(Dataset entries)
---------------

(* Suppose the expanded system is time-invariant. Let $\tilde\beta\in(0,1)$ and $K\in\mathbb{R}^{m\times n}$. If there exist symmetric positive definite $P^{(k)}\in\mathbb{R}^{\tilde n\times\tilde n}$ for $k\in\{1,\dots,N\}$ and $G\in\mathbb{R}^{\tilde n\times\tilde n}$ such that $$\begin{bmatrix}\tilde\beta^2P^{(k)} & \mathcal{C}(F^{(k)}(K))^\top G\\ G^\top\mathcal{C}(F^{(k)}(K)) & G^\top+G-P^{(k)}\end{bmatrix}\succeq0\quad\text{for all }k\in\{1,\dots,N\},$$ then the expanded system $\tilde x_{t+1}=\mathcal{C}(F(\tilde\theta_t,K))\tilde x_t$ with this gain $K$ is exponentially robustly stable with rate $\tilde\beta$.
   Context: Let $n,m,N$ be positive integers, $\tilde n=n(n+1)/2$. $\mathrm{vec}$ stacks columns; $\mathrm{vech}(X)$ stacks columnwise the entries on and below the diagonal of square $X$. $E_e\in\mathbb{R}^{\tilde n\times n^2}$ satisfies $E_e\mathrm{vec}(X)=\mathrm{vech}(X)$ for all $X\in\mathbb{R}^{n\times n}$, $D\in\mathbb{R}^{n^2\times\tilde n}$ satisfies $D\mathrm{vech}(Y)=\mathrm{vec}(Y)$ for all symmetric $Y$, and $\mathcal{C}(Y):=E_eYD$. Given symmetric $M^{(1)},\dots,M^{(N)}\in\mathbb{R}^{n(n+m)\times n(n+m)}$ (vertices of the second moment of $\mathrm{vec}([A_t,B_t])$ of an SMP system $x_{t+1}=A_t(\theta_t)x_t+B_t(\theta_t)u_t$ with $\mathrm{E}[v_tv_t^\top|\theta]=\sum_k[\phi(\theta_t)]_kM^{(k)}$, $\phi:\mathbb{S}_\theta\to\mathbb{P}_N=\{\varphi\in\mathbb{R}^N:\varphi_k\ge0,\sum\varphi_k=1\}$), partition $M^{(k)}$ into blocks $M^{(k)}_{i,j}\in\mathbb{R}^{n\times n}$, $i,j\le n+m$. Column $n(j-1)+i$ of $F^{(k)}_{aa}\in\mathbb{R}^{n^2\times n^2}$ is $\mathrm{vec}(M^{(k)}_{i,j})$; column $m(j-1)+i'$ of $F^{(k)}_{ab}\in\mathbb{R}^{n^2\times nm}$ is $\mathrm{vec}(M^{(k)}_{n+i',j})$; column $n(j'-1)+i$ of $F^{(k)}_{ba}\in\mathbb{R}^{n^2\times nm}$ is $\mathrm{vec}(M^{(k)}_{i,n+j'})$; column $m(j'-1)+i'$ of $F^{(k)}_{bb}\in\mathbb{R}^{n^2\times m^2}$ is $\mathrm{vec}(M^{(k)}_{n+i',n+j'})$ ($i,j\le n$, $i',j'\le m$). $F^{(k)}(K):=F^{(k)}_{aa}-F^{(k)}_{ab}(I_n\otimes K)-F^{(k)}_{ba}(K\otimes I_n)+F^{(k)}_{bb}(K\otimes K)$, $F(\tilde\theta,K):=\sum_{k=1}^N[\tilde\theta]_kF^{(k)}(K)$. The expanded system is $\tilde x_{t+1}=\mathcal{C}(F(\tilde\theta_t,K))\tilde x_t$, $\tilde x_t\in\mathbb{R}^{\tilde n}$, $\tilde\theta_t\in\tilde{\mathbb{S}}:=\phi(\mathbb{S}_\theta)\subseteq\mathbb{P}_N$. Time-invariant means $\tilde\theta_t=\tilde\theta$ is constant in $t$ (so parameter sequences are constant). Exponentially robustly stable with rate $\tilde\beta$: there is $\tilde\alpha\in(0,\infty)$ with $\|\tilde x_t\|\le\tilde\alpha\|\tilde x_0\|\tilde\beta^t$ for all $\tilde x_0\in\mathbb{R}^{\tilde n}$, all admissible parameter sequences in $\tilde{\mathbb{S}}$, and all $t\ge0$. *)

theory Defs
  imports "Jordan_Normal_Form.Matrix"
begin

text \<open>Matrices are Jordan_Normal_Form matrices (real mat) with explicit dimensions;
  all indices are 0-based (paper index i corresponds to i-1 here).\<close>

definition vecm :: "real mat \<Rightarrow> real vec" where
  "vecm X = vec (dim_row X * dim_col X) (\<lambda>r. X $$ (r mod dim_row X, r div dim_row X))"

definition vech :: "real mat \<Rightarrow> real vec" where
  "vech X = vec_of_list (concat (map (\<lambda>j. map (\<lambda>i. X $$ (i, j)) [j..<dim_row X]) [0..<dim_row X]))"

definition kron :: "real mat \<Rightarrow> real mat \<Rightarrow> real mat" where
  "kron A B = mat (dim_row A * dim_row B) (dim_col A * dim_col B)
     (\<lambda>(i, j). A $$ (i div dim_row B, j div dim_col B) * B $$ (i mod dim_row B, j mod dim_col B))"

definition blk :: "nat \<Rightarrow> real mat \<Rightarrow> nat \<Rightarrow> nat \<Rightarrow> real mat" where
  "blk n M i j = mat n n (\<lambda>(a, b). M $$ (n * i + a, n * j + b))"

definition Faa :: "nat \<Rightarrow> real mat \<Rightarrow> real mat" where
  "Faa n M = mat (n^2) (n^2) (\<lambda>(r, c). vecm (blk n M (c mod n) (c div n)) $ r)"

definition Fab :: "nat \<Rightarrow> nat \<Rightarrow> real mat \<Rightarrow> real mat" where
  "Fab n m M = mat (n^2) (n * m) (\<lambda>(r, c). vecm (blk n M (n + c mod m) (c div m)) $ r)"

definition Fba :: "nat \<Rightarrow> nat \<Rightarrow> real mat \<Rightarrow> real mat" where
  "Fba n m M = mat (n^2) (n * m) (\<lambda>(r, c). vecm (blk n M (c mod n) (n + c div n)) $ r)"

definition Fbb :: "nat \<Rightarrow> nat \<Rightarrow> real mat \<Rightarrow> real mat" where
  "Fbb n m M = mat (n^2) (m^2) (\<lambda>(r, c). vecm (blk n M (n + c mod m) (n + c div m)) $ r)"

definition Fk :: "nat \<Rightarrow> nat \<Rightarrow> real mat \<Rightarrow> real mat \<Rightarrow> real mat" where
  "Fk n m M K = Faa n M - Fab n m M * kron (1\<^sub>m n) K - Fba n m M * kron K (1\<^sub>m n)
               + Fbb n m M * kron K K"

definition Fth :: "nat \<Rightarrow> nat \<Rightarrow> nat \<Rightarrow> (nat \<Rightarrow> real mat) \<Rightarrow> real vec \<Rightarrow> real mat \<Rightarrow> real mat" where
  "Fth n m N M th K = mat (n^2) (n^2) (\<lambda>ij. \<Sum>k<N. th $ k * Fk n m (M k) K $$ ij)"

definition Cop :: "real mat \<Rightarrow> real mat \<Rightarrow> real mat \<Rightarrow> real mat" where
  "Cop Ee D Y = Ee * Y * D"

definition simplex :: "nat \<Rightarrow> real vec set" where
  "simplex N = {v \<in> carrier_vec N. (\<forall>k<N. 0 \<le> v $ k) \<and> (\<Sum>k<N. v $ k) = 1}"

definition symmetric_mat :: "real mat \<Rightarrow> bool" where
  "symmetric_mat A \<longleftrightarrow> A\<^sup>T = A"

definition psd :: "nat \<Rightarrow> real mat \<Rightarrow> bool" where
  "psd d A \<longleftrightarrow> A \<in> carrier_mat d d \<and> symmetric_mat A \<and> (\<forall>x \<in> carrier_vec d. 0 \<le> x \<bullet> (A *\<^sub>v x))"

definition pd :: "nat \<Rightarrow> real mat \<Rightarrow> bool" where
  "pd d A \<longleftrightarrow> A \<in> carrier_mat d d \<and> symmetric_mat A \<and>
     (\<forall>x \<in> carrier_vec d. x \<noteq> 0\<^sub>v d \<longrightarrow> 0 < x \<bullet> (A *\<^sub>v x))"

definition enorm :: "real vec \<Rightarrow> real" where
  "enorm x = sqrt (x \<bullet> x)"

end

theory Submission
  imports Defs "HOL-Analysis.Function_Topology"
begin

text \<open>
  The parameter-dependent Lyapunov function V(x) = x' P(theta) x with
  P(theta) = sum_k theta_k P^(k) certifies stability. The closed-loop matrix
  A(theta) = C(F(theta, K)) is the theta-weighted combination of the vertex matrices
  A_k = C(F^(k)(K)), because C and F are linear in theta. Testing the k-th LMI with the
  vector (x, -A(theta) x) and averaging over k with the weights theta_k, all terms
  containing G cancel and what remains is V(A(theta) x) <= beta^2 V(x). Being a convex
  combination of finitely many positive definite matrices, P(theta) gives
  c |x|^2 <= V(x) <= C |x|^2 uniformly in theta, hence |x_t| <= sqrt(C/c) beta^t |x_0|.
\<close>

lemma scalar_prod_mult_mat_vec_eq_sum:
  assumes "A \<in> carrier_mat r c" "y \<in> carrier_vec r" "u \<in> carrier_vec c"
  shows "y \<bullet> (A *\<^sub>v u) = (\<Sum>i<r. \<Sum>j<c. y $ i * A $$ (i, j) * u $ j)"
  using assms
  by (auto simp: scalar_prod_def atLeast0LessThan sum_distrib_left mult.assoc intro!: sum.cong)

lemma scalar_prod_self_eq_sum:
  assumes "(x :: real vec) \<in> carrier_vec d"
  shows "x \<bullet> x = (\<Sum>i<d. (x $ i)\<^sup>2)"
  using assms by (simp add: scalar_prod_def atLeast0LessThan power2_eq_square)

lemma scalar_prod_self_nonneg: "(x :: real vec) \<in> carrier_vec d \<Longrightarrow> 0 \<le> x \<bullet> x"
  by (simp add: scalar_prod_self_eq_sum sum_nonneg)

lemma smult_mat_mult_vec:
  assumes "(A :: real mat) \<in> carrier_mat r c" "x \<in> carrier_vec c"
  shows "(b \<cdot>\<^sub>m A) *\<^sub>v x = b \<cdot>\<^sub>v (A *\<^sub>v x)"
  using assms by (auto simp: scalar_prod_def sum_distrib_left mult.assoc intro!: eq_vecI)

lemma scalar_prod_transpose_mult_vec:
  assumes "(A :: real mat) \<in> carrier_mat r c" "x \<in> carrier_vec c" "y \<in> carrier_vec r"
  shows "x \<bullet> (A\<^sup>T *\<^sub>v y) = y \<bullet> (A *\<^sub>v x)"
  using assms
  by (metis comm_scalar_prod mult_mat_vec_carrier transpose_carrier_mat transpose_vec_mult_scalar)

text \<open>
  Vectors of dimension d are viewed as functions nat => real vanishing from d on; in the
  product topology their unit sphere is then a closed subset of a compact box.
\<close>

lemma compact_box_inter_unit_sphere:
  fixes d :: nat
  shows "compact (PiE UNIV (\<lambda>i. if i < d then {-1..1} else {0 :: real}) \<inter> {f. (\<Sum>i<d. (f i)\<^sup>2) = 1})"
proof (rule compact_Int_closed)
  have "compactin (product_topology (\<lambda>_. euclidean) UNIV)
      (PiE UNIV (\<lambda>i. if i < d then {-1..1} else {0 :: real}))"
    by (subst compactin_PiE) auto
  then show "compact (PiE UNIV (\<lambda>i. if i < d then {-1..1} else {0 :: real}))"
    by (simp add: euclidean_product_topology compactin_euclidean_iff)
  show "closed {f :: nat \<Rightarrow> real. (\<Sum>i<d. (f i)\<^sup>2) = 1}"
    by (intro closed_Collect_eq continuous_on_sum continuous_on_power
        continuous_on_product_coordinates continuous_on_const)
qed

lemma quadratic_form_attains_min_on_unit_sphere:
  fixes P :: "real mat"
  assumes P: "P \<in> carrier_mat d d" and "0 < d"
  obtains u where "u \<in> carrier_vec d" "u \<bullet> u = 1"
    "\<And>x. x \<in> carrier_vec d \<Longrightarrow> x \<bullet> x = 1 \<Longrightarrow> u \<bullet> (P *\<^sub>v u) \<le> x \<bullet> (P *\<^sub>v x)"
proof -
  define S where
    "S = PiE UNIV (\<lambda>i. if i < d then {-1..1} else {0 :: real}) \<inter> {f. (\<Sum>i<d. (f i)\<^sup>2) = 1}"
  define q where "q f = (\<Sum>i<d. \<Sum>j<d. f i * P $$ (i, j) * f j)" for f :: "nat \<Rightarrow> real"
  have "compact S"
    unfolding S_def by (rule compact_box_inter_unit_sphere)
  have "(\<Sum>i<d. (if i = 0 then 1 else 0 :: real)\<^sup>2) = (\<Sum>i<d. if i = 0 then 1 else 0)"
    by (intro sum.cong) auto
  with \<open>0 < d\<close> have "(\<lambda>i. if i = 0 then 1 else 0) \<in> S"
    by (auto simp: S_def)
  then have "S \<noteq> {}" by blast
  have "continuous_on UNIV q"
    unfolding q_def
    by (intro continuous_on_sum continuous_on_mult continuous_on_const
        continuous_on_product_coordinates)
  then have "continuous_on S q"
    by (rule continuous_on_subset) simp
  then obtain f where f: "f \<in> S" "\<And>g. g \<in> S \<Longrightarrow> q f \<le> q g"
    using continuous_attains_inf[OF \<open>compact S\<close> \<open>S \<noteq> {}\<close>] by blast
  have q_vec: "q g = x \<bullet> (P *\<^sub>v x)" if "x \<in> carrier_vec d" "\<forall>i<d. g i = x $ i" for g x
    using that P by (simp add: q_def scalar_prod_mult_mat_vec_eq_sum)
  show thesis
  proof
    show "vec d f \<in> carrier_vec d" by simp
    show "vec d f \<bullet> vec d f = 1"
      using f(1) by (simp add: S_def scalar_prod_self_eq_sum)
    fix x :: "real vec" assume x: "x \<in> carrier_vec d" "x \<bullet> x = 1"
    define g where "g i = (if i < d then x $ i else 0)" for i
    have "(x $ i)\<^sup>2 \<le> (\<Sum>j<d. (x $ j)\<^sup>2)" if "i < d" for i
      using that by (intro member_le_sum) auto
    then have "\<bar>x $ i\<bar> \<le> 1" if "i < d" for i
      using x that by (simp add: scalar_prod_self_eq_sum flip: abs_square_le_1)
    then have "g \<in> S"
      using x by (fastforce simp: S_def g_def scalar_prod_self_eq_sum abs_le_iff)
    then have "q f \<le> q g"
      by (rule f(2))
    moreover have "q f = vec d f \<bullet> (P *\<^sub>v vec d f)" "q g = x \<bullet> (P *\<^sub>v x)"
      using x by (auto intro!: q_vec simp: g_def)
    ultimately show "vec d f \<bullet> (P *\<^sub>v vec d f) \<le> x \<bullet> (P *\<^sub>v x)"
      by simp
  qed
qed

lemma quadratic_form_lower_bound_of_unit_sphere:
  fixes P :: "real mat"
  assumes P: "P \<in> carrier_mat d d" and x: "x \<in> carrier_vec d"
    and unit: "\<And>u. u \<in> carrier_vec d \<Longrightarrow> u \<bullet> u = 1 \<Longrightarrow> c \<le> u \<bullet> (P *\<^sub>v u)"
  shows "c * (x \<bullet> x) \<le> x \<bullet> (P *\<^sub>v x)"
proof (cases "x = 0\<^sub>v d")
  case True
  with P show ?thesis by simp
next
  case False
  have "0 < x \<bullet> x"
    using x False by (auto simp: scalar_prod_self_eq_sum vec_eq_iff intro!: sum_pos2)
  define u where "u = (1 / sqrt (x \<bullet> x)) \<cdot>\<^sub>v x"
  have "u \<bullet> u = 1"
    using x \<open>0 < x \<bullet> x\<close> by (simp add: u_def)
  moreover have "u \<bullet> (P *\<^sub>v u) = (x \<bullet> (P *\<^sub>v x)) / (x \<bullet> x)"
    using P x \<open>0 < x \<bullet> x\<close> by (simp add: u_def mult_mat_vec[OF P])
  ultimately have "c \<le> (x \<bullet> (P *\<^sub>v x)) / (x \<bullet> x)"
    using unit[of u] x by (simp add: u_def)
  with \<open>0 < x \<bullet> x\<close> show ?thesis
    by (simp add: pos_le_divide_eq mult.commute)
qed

---------------

_PROBLEM DESCRIPTION_.
Above are some lines. Repeat exactly, and only, those from the line that has "The parameter-dependent Lyapunov" through the line that has "A) *\<^sub>v x".

_WRITTEN SOLUTION_.
  The parameter-dependent Lyapunov function V(x) = x' P(theta) x with
  P(theta) = sum_k theta_k P^(k) certifies stability. The closed-loop matrix
  A(theta) = C(F(theta, K)) is the theta-weighted combination of the vertex matrices
  A_k = C(F^(k)(K)), because C and F are linear in theta. Testing the k-th LMI with the
  vector (x, -A(theta) x) and averaging over k with the weights theta_k, all terms
  containing G cancel and what remains is V(A(theta) x) <= beta^2 V(x). Being a convex
  combination of finitely many positive definite matrices, P(theta) gives
  c |x|^2 <= V(x) <= C |x|^2 uniformly in theta, hence |x_t| <= sqrt(C/c) beta^t |x_0|.
\<close>

lemma scalar_prod_mult_mat_vec_eq_sum:
  assumes "A \<in> carrier_mat r c" "y \<in> carrier_vec r" "u \<in> carrier_vec c"
  shows "y \<bullet> (A *\<^sub>v u) = (\<Sum>i<r. \<Sum>j<c. y $ i * A $$ (i, j) * u $ j)"
  using assms
  by (auto simp: scalar_prod_def atLeast0LessThan sum_distrib_left mult.assoc intro!: sum.cong)

lemma scalar_prod_self_eq_sum:
  assumes "(x :: real vec) \<in> carrier_vec d"
  shows "x \<bullet> x = (\<Sum>i<d. (x $ i)\<^sup>2)"
  using assms by (simp add: scalar_prod_def atLeast0LessThan power2_eq_square)

lemma scalar_prod_self_nonneg: "(x :: real vec) \<in> carrier_vec d \<Longrightarrow> 0 \<le> x \<bullet> x"
  by (simp add: scalar_prod_self_eq_sum sum_nonneg)

lemma smult_mat_mult_vec:
  assumes "(A :: real mat) \<in> carrier_mat r c" "x \<in> carrier_vec c"
  shows "(b \<cdot>\<^sub>m A) *\<^sub>v x = b \<cdot>\<^sub>v (A *\<^sub>v x)"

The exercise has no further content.